* [Problem details]: Begin at the top of the following data. Copy each line exactly until you have copied the line containing "unfolding domination_number_def certified_domination_number_def".

* [Information shown]:

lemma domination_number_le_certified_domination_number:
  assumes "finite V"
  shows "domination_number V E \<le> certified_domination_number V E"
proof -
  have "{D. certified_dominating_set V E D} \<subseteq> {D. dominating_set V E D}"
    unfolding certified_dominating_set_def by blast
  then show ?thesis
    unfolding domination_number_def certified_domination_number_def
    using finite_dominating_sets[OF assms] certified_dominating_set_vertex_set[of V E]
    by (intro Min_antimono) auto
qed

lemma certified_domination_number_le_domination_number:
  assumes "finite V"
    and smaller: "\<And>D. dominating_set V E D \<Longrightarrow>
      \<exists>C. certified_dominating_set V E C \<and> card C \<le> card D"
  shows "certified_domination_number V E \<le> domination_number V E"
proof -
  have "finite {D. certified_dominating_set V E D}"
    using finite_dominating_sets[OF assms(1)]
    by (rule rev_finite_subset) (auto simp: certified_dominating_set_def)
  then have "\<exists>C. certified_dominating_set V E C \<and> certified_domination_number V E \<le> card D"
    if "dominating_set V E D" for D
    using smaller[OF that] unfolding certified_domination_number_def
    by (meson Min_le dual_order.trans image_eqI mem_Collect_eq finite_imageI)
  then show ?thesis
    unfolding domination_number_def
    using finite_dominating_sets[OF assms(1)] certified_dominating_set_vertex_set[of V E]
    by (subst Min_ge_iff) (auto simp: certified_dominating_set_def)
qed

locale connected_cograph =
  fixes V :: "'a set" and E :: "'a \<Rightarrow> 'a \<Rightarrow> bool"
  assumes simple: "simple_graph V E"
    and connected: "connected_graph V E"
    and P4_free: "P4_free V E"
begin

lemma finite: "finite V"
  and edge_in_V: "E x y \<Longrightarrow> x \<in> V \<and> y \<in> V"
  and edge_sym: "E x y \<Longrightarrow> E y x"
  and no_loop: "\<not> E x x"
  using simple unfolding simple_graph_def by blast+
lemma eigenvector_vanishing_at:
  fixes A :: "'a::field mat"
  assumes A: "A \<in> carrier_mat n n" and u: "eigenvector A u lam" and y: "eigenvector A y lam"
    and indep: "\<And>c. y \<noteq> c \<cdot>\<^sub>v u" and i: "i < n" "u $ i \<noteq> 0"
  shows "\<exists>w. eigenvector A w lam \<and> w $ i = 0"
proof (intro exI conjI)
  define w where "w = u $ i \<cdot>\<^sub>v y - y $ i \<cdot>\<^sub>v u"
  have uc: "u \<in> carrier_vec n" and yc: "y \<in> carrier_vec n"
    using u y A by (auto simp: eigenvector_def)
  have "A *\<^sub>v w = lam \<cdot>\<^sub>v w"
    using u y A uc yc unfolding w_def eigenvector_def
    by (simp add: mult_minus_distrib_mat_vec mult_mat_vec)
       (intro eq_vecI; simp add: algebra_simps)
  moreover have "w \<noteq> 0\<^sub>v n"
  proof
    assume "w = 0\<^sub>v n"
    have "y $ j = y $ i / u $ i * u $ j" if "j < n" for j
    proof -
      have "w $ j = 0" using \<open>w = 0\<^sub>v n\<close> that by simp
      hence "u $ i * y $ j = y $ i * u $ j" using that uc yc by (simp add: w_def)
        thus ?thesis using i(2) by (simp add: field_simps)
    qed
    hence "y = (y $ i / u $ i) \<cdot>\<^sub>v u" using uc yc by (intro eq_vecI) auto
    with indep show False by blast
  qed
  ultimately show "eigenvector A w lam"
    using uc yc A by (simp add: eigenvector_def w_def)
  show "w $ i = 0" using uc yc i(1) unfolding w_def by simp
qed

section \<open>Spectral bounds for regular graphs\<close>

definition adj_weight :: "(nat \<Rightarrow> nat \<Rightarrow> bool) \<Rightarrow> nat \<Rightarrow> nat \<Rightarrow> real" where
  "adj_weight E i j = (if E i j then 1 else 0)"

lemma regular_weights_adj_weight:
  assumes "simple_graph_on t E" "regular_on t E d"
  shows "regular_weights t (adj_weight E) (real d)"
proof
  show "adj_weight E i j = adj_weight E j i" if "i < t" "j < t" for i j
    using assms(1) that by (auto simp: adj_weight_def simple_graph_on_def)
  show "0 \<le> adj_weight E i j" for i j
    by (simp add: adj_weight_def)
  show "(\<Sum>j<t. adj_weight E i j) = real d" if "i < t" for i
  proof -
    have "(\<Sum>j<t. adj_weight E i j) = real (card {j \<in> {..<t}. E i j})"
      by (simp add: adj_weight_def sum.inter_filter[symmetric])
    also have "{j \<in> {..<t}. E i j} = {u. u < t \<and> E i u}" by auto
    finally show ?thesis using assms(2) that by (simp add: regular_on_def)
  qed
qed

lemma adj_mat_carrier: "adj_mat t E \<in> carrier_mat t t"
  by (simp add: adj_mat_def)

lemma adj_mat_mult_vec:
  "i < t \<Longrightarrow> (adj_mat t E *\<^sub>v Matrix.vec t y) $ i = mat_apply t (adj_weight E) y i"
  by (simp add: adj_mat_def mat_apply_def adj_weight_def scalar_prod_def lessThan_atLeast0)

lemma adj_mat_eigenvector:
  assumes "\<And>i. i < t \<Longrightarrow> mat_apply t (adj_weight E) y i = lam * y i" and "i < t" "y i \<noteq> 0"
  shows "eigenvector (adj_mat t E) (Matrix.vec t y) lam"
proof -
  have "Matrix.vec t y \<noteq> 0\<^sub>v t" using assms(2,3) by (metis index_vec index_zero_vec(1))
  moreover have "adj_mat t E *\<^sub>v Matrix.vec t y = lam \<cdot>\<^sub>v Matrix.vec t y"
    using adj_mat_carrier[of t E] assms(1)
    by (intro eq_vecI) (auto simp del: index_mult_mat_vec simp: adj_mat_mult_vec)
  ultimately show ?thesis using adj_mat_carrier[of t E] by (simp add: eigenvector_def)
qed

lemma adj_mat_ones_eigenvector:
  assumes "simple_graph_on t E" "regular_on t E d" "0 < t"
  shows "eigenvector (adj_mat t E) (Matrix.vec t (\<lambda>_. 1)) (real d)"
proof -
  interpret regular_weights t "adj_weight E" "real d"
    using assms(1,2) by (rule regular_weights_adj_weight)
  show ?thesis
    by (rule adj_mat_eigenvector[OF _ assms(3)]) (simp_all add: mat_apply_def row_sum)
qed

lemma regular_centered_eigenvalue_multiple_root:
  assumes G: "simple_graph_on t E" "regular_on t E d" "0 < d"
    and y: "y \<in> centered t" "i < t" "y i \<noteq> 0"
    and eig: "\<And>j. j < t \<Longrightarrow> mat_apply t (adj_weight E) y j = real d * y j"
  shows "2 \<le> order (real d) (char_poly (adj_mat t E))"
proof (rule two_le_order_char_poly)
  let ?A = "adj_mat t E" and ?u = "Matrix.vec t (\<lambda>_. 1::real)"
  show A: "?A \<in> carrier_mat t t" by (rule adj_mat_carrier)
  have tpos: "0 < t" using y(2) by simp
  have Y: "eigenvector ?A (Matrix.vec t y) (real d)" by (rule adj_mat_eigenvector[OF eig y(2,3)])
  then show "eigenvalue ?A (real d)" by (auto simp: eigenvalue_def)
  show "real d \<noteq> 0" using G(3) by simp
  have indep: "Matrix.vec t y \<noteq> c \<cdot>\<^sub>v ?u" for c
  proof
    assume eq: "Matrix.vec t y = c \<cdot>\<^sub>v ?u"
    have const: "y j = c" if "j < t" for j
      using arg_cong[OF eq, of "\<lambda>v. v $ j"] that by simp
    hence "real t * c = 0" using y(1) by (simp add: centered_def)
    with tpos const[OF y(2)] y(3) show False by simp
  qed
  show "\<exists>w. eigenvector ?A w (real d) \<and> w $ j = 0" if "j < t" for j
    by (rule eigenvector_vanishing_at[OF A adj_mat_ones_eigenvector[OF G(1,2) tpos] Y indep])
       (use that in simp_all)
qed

* [Written answer]:
lemma domination_number_le_certified_domination_number:
  assumes "finite V"
  shows "domination_number V E \<le> certified_domination_number V E"
proof -
  have "{D. certified_dominating_set V E D} \<subseteq> {D. dominating_set V E D}"
    unfolding certified_dominating_set_def by blast
  then show ?thesis
    unfolding domination_number_def certified_domination_number_def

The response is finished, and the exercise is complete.